definition is_rep :: "('a, 'b) monoid_scheme \<Rightarrow> nat \<Rightarrow> ('a \<Rightarrow> complex mat) \<Rightarrow> bool" where
  "is_rep G n \<rho> \<longleftrightarrow> n \<ge> 1 \<and>
     (\<forall>g \<in> carrier G. \<rho> g \<in> carrier_mat n n) \<and>
     \<rho> \<one>\<^bsub>G\<^esub> = 1\<^sub>m n \<and>
     (\<forall>g \<in> carrier G. \<forall>h \<in> carrier G. \<rho> (g \<otimes>\<^bsub>G\<^esub> h) = \<rho> g * \<rho> h)"

definition invariant_subspace :: "('a, 'b) monoid_scheme \<Rightarrow> nat \<Rightarrow> ('a \<Rightarrow> complex mat) \<Rightarrow> complex vec set \<Rightarrow> bool" where
  "invariant_subspace G n \<rho> W \<longleftrightarrow> W \<subseteq> carrier_vec n \<and> 0\<^sub>v n \<in> W \<and>
     (\<forall>v \<in> W. \<forall>w \<in> W. v + w \<in> W) \<and>
     (\<forall>c. \<forall>v \<in> W. c \<cdot>\<^sub>v v \<in> W) \<and>
     (\<forall>g \<in> carrier G. \<forall>v \<in> W. \<rho> g *\<^sub>v v \<in> W)"

definition irreducible_rep :: "('a, 'b) monoid_scheme \<Rightarrow> nat \<Rightarrow> ('a \<Rightarrow> complex mat) \<Rightarrow> bool" where
  "irreducible_rep G n \<rho> \<longleftrightarrow> is_rep G n \<rho> \<and>
     (\<forall>W. invariant_subspace G n \<rho> W \<longrightarrow> W = {0\<^sub>v n} \<or> W = carrier_vec n)"

definition character :: "('a, 'b) monoid_scheme \<Rightarrow> ('a \<Rightarrow> complex mat) \<Rightarrow> 'a \<Rightarrow> complex" where
  "character G \<rho> = (\<lambda>g. if g \<in> carrier G then mat_trace (\<rho> g) else 0)"

definition Irr :: "('a, 'b) monoid_scheme \<Rightarrow> ('a \<Rightarrow> complex) set" where
  "Irr G = {character G \<rho> | \<rho> n. irreducible_rep G n \<rho>}"

definition cd :: "('a, 'b) monoid_scheme \<Rightarrow> complex set" where
  "cd G = {\<chi> \<one>\<^bsub>G\<^esub> | \<chi>. \<chi> \<in> Irr G}"

definition char_center :: "('a, 'b) monoid_scheme \<Rightarrow> ('a \<Rightarrow> complex) \<Rightarrow> 'a set" where
  "char_center G \<chi> = {g \<in> carrier G. complex_of_real (cmod (\<chi> g)) = \<chi> \<one>\<^bsub>G\<^esub>}"

definition GVZ_group :: "('a, 'b) monoid_scheme \<Rightarrow> bool" where
  "GVZ_group G \<longleftrightarrow> \<not> comm_group G \<and>
     (\<forall>\<chi> \<in> Irr G. \<forall>g \<in> carrier G - char_center G \<chi>. \<chi> g = 0)"

definition group_center :: "('a, 'b) monoid_scheme \<Rightarrow> 'a set" where
  "group_center G = {z \<in> carrier G. \<forall>g \<in> carrier G. z \<otimes>\<^bsub>G\<^esub> g = g \<otimes>\<^bsub>G\<^esub> z}"

definition nilpotency_class_2 :: "('a, 'b) monoid_scheme \<Rightarrow> bool" where
  "nilpotency_class_2 G \<longleftrightarrow> \<not> comm_group G \<and> derived G (carrier G) \<subseteq> group_center G"

end

(*
  Realise Irr(G) by unitary irreducible representations, obtained by splitting the regular
  representations of the quotients G/N into orthogonal invariant pieces. For unitary \<rho> one has
  |\<chi>(g)| = \<chi>(1) iff \<rho>(g) is scalar, so Z(\<chi>) is the normal subgroup of elements acting as
  scalars, and the GVZ property turns the orthogonality relation into |G| = \<chi>(1)^2 |Z(\<chi>)|.

  Let cd(G) = {1, n}. If a commutator c were outside Z(\<chi>) for a nonlinear \<chi>, take an irreducible
  \<sigma> trivial on Z(\<chi>) with \<sigma>(c) \<noteq> 1. Then \<sigma> is nonlinear, so of degree n, and
  |Z(\<sigma>)| = |Z(\<chi>)| with Z(\<chi>) \<subseteq> Z(\<sigma>) gives Z(\<sigma>) = Z(\<chi>). Hence \<sigma> has nonzero trace sum
  over G, which forces \<sigma> to be trivial. So nonlinear representations send commutators to
  scalars and linear ones kill them; as irreducible representations separate the points of G,
  every commutator is central.
*)
theory Submission
  imports Defs "Jordan_Normal_Form.Spectral_Radius"
begin

section \<open>Adjoints, traces and unitary matrices\<close>

lemma mat_adjoint_dim [simp]:
  "dim_row (mat_adjoint A) = dim_col A" "dim_col (mat_adjoint A) = dim_row A"
  unfolding mat_adjoint_def by auto

lemma carrier_mat_adjoint [simp, intro]: "A \<in> carrier_mat n m \<Longrightarrow> mat_adjoint A \<in> carrier_mat m n"
  by (metis carrier_matD carrier_matI mat_adjoint_dim)

lemma index_mat_adjoint [simp]:
  fixes A :: "complex mat"
  shows "i < dim_col A \<Longrightarrow> j < dim_row A \<Longrightarrow> mat_adjoint A $$ (i, j) = cnj (A $$ (j, i))"
  by (simp add: mat_adjoint_def mat_of_rows_index)

lemma mat_adjoint_adjoint [simp]: "mat_adjoint (mat_adjoint (A :: complex mat)) = A"
  by (rule eq_matI) auto

lemma mat_adjoint_mult:
  fixes A B :: "complex mat"
  assumes "dim_col A = dim_row B"
  shows "mat_adjoint (A * B) = mat_adjoint B * mat_adjoint A"
  using assms by (intro eq_matI) (auto simp: scalar_prod_def mult.commute)

lemma mat_adjoint_one [simp]: "mat_adjoint (1\<^sub>m n :: complex mat) = 1\<^sub>m n"
  by (rule eq_matI) auto

lemma mat_adjoint_zero [simp]: "mat_adjoint (0\<^sub>m n m :: complex mat) = 0\<^sub>m m n"
  by (rule eq_matI) auto

lemma mat_adjoint_smult [simp]: "mat_adjoint (c \<cdot>\<^sub>m A :: complex mat) = cnj c \<cdot>\<^sub>m mat_adjoint A"
  by (rule eq_matI) auto

lemma index_mult_mat_sum:
  assumes "A \<in> carrier_mat n m" "B \<in> carrier_mat m p" "i < n" "k < p"
  shows "(A * B) $$ (i, k) = (\<Sum>a<m. A $$ (i, a) * B $$ (a, k))"
  using assms by (simp add: scalar_prod_def atLeast0LessThan)

lemma mat_trace_mult_comm:
  assumes "A \<in> carrier_mat n m" "B \<in> carrier_mat m n"
  shows "mat_trace (A * B) = mat_trace (B * A)"
proof -
  have "mat_trace (A * B) = (\<Sum>i<n. \<Sum>k<m. A $$ (i, k) * B $$ (k, i))"
    using assms by (simp add: mat_trace_def scalar_prod_def atLeast0LessThan)
  also have "\<dots> = (\<Sum>k<m. \<Sum>i<n. B $$ (k, i) * A $$ (i, k))"
    by (subst sum.swap) (simp add: mult.commute)
  also have "\<dots> = mat_trace (B * A)"
    using assms by (simp add: mat_trace_def scalar_prod_def atLeast0LessThan)
  finally show ?thesis .
qed

lemma mat_trace_one [simp]: "mat_trace (1\<^sub>m n) = of_nat n"
  by (simp add: mat_trace_def)

lemma mat_trace_smult: "A \<in> carrier_mat n n \<Longrightarrow> mat_trace (c \<cdot>\<^sub>m A) = c * mat_trace A"
  by (simp add: mat_trace_def sum_distrib_left)

lemma mat_trace_adjoint: "A \<in> carrier_mat n n \<Longrightarrow> mat_trace (mat_adjoint A) = cnj (mat_trace A)"
  by (simp add: mat_trace_def)

definition unitary :: "nat \<Rightarrow> complex mat \<Rightarrow> bool" where
  "unitary n U \<longleftrightarrow> U \<in> carrier_mat n n \<and> mat_adjoint U * U = 1\<^sub>m n"

lemma unitary_column_norm:
  assumes U: "unitary n U" and j: "j < n"
  shows "(\<Sum>k<n. (cmod (U $$ (k, j)))\<^sup>2) = 1"
proof -
  have c: "U \<in> carrier_mat n n" and e: "mat_adjoint U * U = 1\<^sub>m n"
    using U by (auto simp: unitary_def)
  have "(mat_adjoint U * U) $$ (j, j) = (\<Sum>k<n. cnj (U $$ (k, j)) * U $$ (k, j))"
    using c j by (simp add: scalar_prod_def atLeast0LessThan)
  also have "\<dots> = (\<Sum>k<n. complex_of_real ((cmod (U $$ (k, j)))\<^sup>2))"
    by (intro sum.cong refl) (metis complex_norm_square mult.commute)
  finally have "complex_of_real (\<Sum>k<n. (cmod (U $$ (k, j)))\<^sup>2) = 1"
    using e j by simp
  then show ?thesis by (metis of_real_eq_1_iff)
qed

lemma sum_attains_bound_imp_eq:
  fixes f :: "'a \<Rightarrow> real"
  assumes "finite A" "\<And>j. j \<in> A \<Longrightarrow> f j \<le> c" "real (card A) * c \<le> sum f A" "j \<in> A"
  shows "f j = c"
proof -
  have "(\<Sum>i\<in>A. c - f i) \<le> 0" using assms(3) by (simp add: sum_subtractf)
  then have "\<forall>i\<in>A. c - f i = 0"
    using assms(1,2) sum_nonneg_eq_0_iff[of A "\<lambda>i. c - f i"]
    by (metis (no_types, lifting) antisym diff_ge_0_iff_ge sum_nonneg)
  with assms(4) show ?thesis by simp
qed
_ _ _
Beginning at the line with "B) = (\<Sum>i<n." and ending at the line with "(\<Sum>k<m. \<Sum>i<n. B", reproduce each line of the data above exactly, and add no other lines.

- SOLUTION FOR THIS EXERCISE:
  have "mat_trace (A * B) = (\<Sum>i<n. \<Sum>k<m. A $$ (i, k) * B $$ (k, i))"
    using assms by (simp add: mat_trace_def scalar_prod_def atLeast0LessThan)
  also have "\<dots> = (\<Sum>k<m. \<Sum>i<n. B $$ (k, i) * A $$ (i, k))"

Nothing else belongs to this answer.